CompressARC achieves 34.75 percent accuracy on the ARC-AGI training set (the collection of puzzles used to develop the system) and 20 percent on the evaluation set (a separate group of unseen puzzles used to test how well the approach generalizes to new problems). Each puzzle takes about 20 minutes to process on a consumer-grade RTX 4070 GPU, compared to top-performing methods that use heavy-duty data center-grade machines and what the researchers describe as “astronomical amounts of compute.”
Not your typical AI approach
CompressARC takes a completely different approach than most current AI systems. Instead of relying on pre-training—the process where machine learning models learn from massive datasets before tackling specific tasks—it works with no external training data whatsoever.

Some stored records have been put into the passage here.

section \<open>The polyhedron of the cycle edges\<close>

lemma sum_cycle_edge_segments:
  assumes "w 0 = w n"
  shows "(\<Sum>i\<in>{1..n}. w i * std_basis i j + (1 - w i) * std_basis (cyc_pos n i) j)
       = (if j \<in> {1..n} then 1 + w j - w (j - 1) else 0)"
proof (cases "j \<in> {1..n}")
  case True
  define p where "p = (if j = 1 then n else j - 1)"
  have "p \<in> {1..n}" "w p = w (j - 1)"
    using True assms by (auto simp: p_def)
  have "(\<Sum>i\<in>{1..n}. (1 - w i) * std_basis (cyc_pos n i) j) = (\<Sum>i\<in>{1..n}. if i = p then 1 - w i else 0)"
  proof (rule sum.cong)
    fix i assume "i \<in> {1..n}"
    then show "(1 - w i) * std_basis (cyc_pos n i) j = (if i = p then 1 - w i else 0)"
      using cyc_pos_eq_iff[OF _ True, of i] by (auto simp: std_basis_def p_def)
  qed simp
  also have "\<dots> = 1 - w (j - 1)"
    using \<open>p \<in> {1..n}\<close> \<open>w p = w (j - 1)\<close> by simp
  finally show ?thesis
    using True by (simp add: sum.distrib sum_std_basis)
next
  case False
  have "std_basis i j = 0" "std_basis (cyc_pos n i) j = 0" if "i \<in> {1..n}" for i
    using that False cyc_pos_in[of n i] by (auto simp: std_basis_def)
  then show ?thesis
    using False by (intro trans[OF sum.neutral]) auto
qed

lemma cycle_edge_weights_in_nestohedron:
  assumes "n \<ge> 3" "\<forall>i\<in>{1..n}. 0 \<le> w i \<and> w i \<le> 1" "w 0 = w n"
    and "\<forall>j. j \<notin> {1..n} \<longrightarrow> x j = 0" "\<forall>j\<in>{1..n}. x j = 1 + w j - w (j - 1)"
  shows "x \<in> nestohedron (cycle_edges n)"
proof -
  define seg where "seg i = (\<lambda>j. w i * std_basis i j + (1 - w i) * std_basis (cyc_pos n i) j)" for i
  define y where "y F = seg (inv_into {1..n} (cycle_edge n) F)" for F
  have inj: "inj_on (cycle_edge n) {1..n}"
    using assms(1) by (rule inj_on_cycle_edge)
  have y_edge: "y (cycle_edge n i) = seg i" if "i \<in> {1..n}" for i
    using inv_into_f_f[OF inj that] by (simp add: y_def)
  have "y F \<in> simplex F" if F: "F \<in> cycle_edges n" for F
  proof -
    obtain i where i: "i \<in> {1..n}" "F = cycle_edge n i"
      using F unfolding cycle_edges_eq_image by blast
    then show ?thesis
      using assms(1,2) cyc_pos_neq[of n i] y_edge[OF i(1)]
      unfolding seg_def cycle_edge_def by (auto intro: segment_in_simplex)
  qed
  moreover have "x j = (\<Sum>F\<in>cycle_edges n. y F j)" for j
  proof -
    have "(\<Sum>F\<in>cycle_edges n. y F j) = (\<Sum>i\<in>{1..n}. seg i j)"
      unfolding cycle_edges_eq_image sum.reindex[OF inj] by (intro sum.cong) (auto simp: y_edge)
    then show ?thesis
      using assms(3-5) sum_cycle_edge_segments[of w n j] by (auto simp: seg_def)
  qed
  ultimately show ?thesis
    unfolding nestohedron_def by blast
qed

lemma polyh_cycle_arc_bounds:
  assumes "n \<ge> 3" "x \<in> polyh n (cycle_edges n) (Con_cycle n)" "1 \<le> k" "k < n"
  shows "real k - 1 \<le> phi (cyc_pos n ` {a..<a + k}) x"
    and "phi (cyc_pos n ` {a..<a + k}) x \<le> real k + 1"
proof -
  have lower: "real l - 1 \<le> phi (cyc_pos n ` {b..<b + l}) x" if "1 \<le> l" "l < n" for b l
  proof -
    have "cyc_pos n ` {b..<b + l} \<in> Con_cycle n"
      using assms(1) that by (intro arc_in_Con_cycle) auto
    then have "real (card (restr (cycle_edges n) (cyc_pos n ` {b..<b + l}))) \<le> phi (cyc_pos n ` {b..<b + l}) x"
      using assms(2) unfolding polyh_def by blast
    then show ?thesis
      using card_restr_cycle_edges_arc[OF assms(1) that(2), of b] that(1) by (simp add: of_nat_diff)
  qed
  show "real k - 1 \<le> phi (cyc_pos n ` {a..<a + k}) x"
    using lower assms(3,4) .
  have "phi {1..n} x = real n"
    using assms(2) card_cycle_edges[OF assms(1)] unfolding polyh_def by simp
  moreover have "phi ({1..n} - cyc_pos n ` {a..<a + k}) x = phi {1..n} x - phi (cyc_pos n ` {a..<a + k}) x"
    using assms(1) image_cyc_pos_subset[of n] unfolding phi_def by (intro sum_diff) auto
  moreover have "real (n - k) - 1 \<le> phi ({1..n} - cyc_pos n ` {a..<a + k}) x"
    using assms(1,3,4) lower[of "n - k" "a + k"] Diff_arc[of n k a] by simp
  ultimately show "phi (cyc_pos n ` {a..<a + k}) x \<le> real k + 1"
    using assms(4) by (simp add: of_nat_diff)
qed

lemma polyh_cycle_interval_bound:
  assumes "n \<ge> 3" "x \<in> polyh n (cycle_edges n) (Con_cycle n)" "i \<le> j" "j \<le> n"
  shows "\<bar>phi {Suc i..j} x - (real j - real i)\<bar> \<le> 1"
proof -
  consider "j = i" | "i = 0" "j = n" | "1 \<le> j - i" "j - i < n"
    using assms(3,4) by linarith
  then show ?thesis
  proof cases
    case 1
    then show ?thesis
      by (simp add: phi_def)
  next
    case 2
    then show ?thesis
      using assms(2) card_cycle_edges[OF assms(1)] unfolding polyh_def by simp
  next
    case 3
    have "cyc_pos n ` {i..<i + (j - i)} = Suc ` {i..<j}"
      using assms(3,4) by (intro image_cong) auto
    then have "{Suc i..j} = cyc_pos n ` {i..<i + (j - i)}"
      by (auto simp: image_Suc_atLeastLessThan)
    then show ?thesis
      using polyh_cycle_arc_bounds[OF assms(1,2) 3, of i] assms(3) by (simp add: of_nat_diff abs_le_iff)
  qed
qed

lemma polyh_subset_nestohedron:
  assumes "n \<ge> 3"
  shows "polyh n (cycle_edges n) (Con_cycle n) \<subseteq> nestohedron (cycle_edges n)"
proof
  fix x assume x: "x \<in> polyh n (cycle_edges n) (Con_cycle n)"
  define S where "S j = phi {1..j} x - real j" for j
  have S_diff: "\<bar>S j - S i\<bar> \<le> 1" if "i \<le> j" "j \<le> n" for i j
  proof -
    have "phi {1..j} x = phi {1..i} x + phi {Suc i..j} x"
      using sum.ub_add_nat[of 1 i x "j - i"] that(1) by (simp add: phi_def)
    then show ?thesis
      using polyh_cycle_interval_bound[OF assms x that] that(1) by (simp add: S_def of_nat_diff)
  qed
  define m where "m = Min (S ` {0..n})"
  have "m \<in> S ` {0..n}"
    unfolding m_def by (intro Min_in) auto
  then obtain j0 where "j0 \<le> n" "S j0 = m"
    by auto
  define w where "w j = S j - m" for j
  have "0 \<le> w j \<and> w j \<le> 1" if "j \<le> n" for j
    using that S_diff[of j0 j] S_diff[of j j0] \<open>S j0 = m\<close> \<open>j0 \<le> n\<close>
    unfolding w_def m_def by (cases "j0 \<le> j") (auto simp: Min_le)
  moreover have "w 0 = w n"
    using x card_cycle_edges[OF assms] unfolding polyh_def w_def S_def by (simp add: phi_def)
  moreover have "x j = 1 + w j - w (j - 1)" if "j \<in> {1..n}" for j
    using that by (cases j) (auto simp: w_def S_def phi_def)
  ultimately show "x \<in> nestohedron (cycle_edges n)"
    using x assms unfolding polyh_def by (intro cycle_edge_weights_in_nestohedron[of n w x]) auto
qed

section \<open>Irredundancy and connectivity\<close>

lemma arc_witness_inequality:
  fixes p q k n :: nat
  assumes "p \<le> k" "1 \<le> k" "k < n" "q = 0 \<Longrightarrow> p < k"
  defines "D \<equiv> 1 + 1 / real n"
  shows "real p + real q - 1 \<le> real p * (1 - D / real k) + real q * (1 + D / real (n - k))"
proof -
  have "0 < D"
    unfolding D_def by (simp add: add_pos_nonneg)
  have "real p * D / real k \<le> 1 + real q * D / real (n - k)"
  proof (cases "q = 0")
    case True
    then have "real p \<le> real k - 1"
      using assms(4) by simp
    moreover have "(real k - 1) * D \<le> real k"
      using assms(3) by (simp add: D_def field_simps)
    ultimately have "real p * D \<le> real k"
      using \<open>0 < D\<close> by (smt (verit) mult_right_mono)
    then show ?thesis
      using assms(2) True by (simp add: field_simps)
  next
    case False
    have "real p * D / real k \<le> real k * D / real k"
      using assms(1) \<open>0 < D\<close> by (intro divide_right_mono mult_right_mono) auto
    also have "\<dots> = D"
      using assms(2) by simp
    also have "\<dots> \<le> 1 + D / real (n - k)"
      using assms(3) by (simp add: D_def field_simps of_nat_diff)
    also have "\<dots> \<le> 1 + real q * D / real (n - k)"
      using False \<open>0 < D\<close> by (intro add_left_mono divide_right_mono) auto
    finally show ?thesis .
  qed
  then show ?thesis
    by (simp add: algebra_simps)
qed

lemma phi_two_valued:
  assumes "J \<subseteq> {1..n}"
  shows "phi J (\<lambda>j. if j \<in> X then \<alpha> else if j \<in> {1..n} then \<beta> else 0)
       = real (card (J \<inter> X)) * \<alpha> + real (card (J - X)) * \<beta>"
proof -
  have "finite J"
    using assms finite_subset by blast
  then have "phi J (\<lambda>j. if j \<in> X then \<alpha> else if j \<in> {1..n} then \<beta> else 0)
      = (\<Sum>j\<in>J \<inter> X. \<alpha>) + (\<Sum>j\<in>J - X. if j \<in> {1..n} then \<beta> else 0)"
    unfolding phi_def by (simp add: sum.If_cases Diff_eq)
  also have "(\<Sum>j\<in>J - X. if j \<in> {1..n} then \<beta> else 0) = (\<Sum>j\<in>J - X. \<beta>)"
    using assms by (intro sum.cong) auto
  finally show ?thesis
    by simp
qed

definition arc_witness :: "nat \<Rightarrow> nat set \<Rightarrow> nat \<Rightarrow> real" where
  "arc_witness n X = (\<lambda>j. if j \<in> X then 1 - (1 + 1 / real n) / real (card X)
     else if j \<in> {1..n} then 1 + (1 + 1 / real n) / real (n - card X) else 0)"

lemma phi_arc_witness_full:
  assumes "n \<ge> 3" "X \<subseteq> {1..n}" "1 \<le> card X" "card X < n"
  shows "phi {1..n} (arc_witness n X) = real n"
proof -
  have "card ({1..n} - X) = n - card X"
    using assms(2) by (simp add: card_Diff_subset finite_subset)
  then show ?thesis
    unfolding arc_witness_def using assms
    by (simp add: phi_two_valued Int_absorb1 field_simps of_nat_diff)
qed

lemma phi_arc_witness_arc_ge:
  assumes "n \<ge> 3" "1 \<le> k" "k < n" "X = cyc_pos n ` {a..<a + k}"
    and "1 \<le> l" "l < n" "J = cyc_pos n ` {b..<b + l}" "J \<noteq> X"
  shows "real (card (restr (cycle_edges n) J)) \<le> phi J (arc_witness n X)"
proof -
  have X_sub: "X \<subseteq> {1..n}" and card_X: "card X = k" and J_sub: "J \<subseteq> {1..n}"
    using assms image_cyc_pos_subset[of n] card_image_cyc_pos[of k n a] by auto
  then have "finite X" "finite J"
    using finite_subset by auto
  then have split: "card (J \<inter> X) + card (J - X) = l"
    using card_Int_Diff[of J X] card_image_cyc_pos[of l n b] assms(6,7) by simp
  have "real (card (restr (cycle_edges n) J)) = real (card (J \<inter> X)) + real (card (J - X)) - 1"
    using card_restr_cycle_edges_arc[OF assms(1,6), of b] assms(5,7) split by (simp add: of_nat_diff)
  moreover have "card (J \<inter> X) \<le> k"
    using card_X \<open>finite X\<close> card_mono[of X "J \<inter> X"] by auto
  moreover have "card (J \<inter> X) < k" if "card (J - X) = 0"
  proof -
    have "J \<subset> X"
      using that assms(8) \<open>finite J\<close> by auto
    then show ?thesis
      using card_X \<open>finite X\<close> psubset_card_mono[of X J] by (simp add: Int_absorb2)
  qed
  ultimately show ?thesis
    using arc_witness_inequality[of "card (J \<inter> X)" k n "card (J - X)"] assms(2,3) J_sub card_X
    by (simp add: arc_witness_def phi_two_valued)
qed

lemma arc_witness_in_polyh:
  assumes "n \<ge> 3" "1 \<le> k" "k < n" "X = cyc_pos n ` {a..<a + k}"
  shows "arc_witness n X \<in> polyh n (cycle_edges n) (Con_cycle n - {X})"
proof -
  have n: "n > 0" and X_sub: "X \<subseteq> {1..n}" and card_X: "card X = k"
    using assms image_cyc_pos_subset[of n] card_image_cyc_pos[of k n a] by auto
  have full: "phi {1..n} (arc_witness n X) = real (card (cycle_edges n))"
    using phi_arc_witness_full[OF assms(1) X_sub] assms card_X card_cycle_edges[OF assms(1)] by simp
  have "real (card (restr (cycle_edges n) J)) \<le> phi J (arc_witness n X)"
    if J: "J \<in> Con_cycle n" "J \<noteq> X" for J
  proof (cases "J = {1..n}")
    case True
    then show ?thesis
      using full restr_cycle_edges_full[OF n] by simp
  next
    case False
    then obtain b l where "1 \<le> l" "l < n" "J = cyc_pos n ` {b..<b + l}"
      using J(1) unfolding Con_cycle_iff[OF n] by blast
    then show ?thesis
      using phi_arc_witness_arc_ge[OF assms] J(2) by blast
  qed
  moreover have "arc_witness n X j = 0" if "j \<notin> {1..n}" for j
    using that X_sub by (auto simp: arc_witness_def)
  ultimately show ?thesis
    unfolding polyh_def using full by blast
qed

lemma arc_witness_not_in_polyh:
  assumes "n \<ge> 3" "1 \<le> k" "k < n" "X = cyc_pos n ` {a..<a + k}"
  shows "arc_witness n X \<notin> polyh n (cycle_edges n) (Con_cycle n)"
proof
  have X_sub: "X \<subseteq> {1..n}" and card_X: "card X = k"
    using assms image_cyc_pos_subset[of n] card_image_cyc_pos[of k n a] by auto
  assume "arc_witness n X \<in> polyh n (cycle_edges n) (Con_cycle n)"
  moreover have "X \<in> Con_cycle n"
    using assms by (auto intro: arc_in_Con_cycle)
  ultimately have "real (card (restr (cycle_edges n) X)) \<le> phi X (arc_witness n X)"
    unfolding polyh_def by blast
  moreover have "phi X (arc_witness n X) = real k - (1 + 1 / real n)"
    using X_sub card_X assms(2) by (simp add: arc_witness_def phi_two_valued field_simps)
  moreover have "card (restr (cycle_edges n) X) = k - 1"
    using card_restr_cycle_edges_arc[OF assms(1,3)] assms(4) by simp
  ultimately show False
    using assms(1,2) by (simp add: of_nat_diff)
qed

lemma polyh_cycle_drop_arc_ne:
  assumes "n \<ge> 3" "X \<in> Con_cycle n - {{1..n}}"
  shows "polyh n (cycle_edges n) (Con_cycle n - {X}) \<noteq> polyh n (cycle_edges n) (Con_cycle n)"
proof -
  have n: "n > 0" and "X \<in> Con_cycle n" "X \<noteq> {1..n}"
    using assms by auto
  then obtain a k where "1 \<le> k" "k < n" "X = cyc_pos n ` {a..<a + k}"
    unfolding Con_cycle_iff[OF n] by blast
  then show ?thesis
    using arc_witness_in_polyh[OF assms(1)] arc_witness_not_in_polyh[OF assms(1)] by blast
qed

The system trains itself in real-time using only the specific puzzle it needs to solve.
“No pretraining; models are randomly initialized and trained during inference time. No dataset; one model trains on just the target ARC-AGI puzzle and outputs one answer,” the researchers write, describing their strict constraints.
When the researchers say “No search,” they’re referring to another common technique in AI problem-solving where systems try many different possible solutions and select the best one. Search algorithms work by systematically exploring options—like a chess program evaluating thousands of possible moves—rather than directly learning a solution. CompressARC avoids this trial-and-error approach, relying solely on gradient descent—a mathematical technique that incrementally adjusts the network’s parameters to reduce errors, similar to how you might find the bottom of a valley by always walking downhill.
The system’s core principle uses compression—finding the most efficient way to represent information by identifying patterns and regularities—as the driving force behind intelligence. CompressARC searches for the shortest possible description of a puzzle that can accurately reproduce the examples and the solution when unpacked.
The compression-intelligence connection
The potential connection between compression and intelligence may sound strange at first glance, but it has deep theoretical roots in computer science concepts like Kolmogorov complexity (the shortest program that produces a specified output) and Solomonoff induction—a theoretical gold standard for prediction equivalent to an optimal compression algorithm.
To compress information efficiently, a system must recognize patterns, find regularities, and “understand” the underlying structure of the data—abilities that mirror what many consider intelligent behavior. A system that can predict what comes next in a sequence can compress that sequence efficiently. As a result, some computer scientists over the decades have suggested that compression may be equivalent to general intelligence. Based on these principles, the Hutter Prize has offered awards to researchers who can compress a 1GB file to the smallest size.
We previously wrote about intelligence and compression in September 2023, when a DeepMind paper discovered that large language models can sometimes outperform specialized compression algorithms. In that study, researchers found that DeepMind’s Chinchilla 70B model could compress image patches to 43.4 percent of their original size (beating PNG’s 58.5 percent) and audio samples to just 16.4 percent (outperforming FLAC’s 30.3 percent).
That 2023 research suggested a deep connection between compression and intelligence—the idea that truly understanding patterns in data enables more efficient compression, which aligns with this new CMU research. While DeepMind demonstrated compression capabilities in an already-trained model, Liao and Gu’s work takes a different approach by showing that the compression process can generate intelligent behavior from scratch.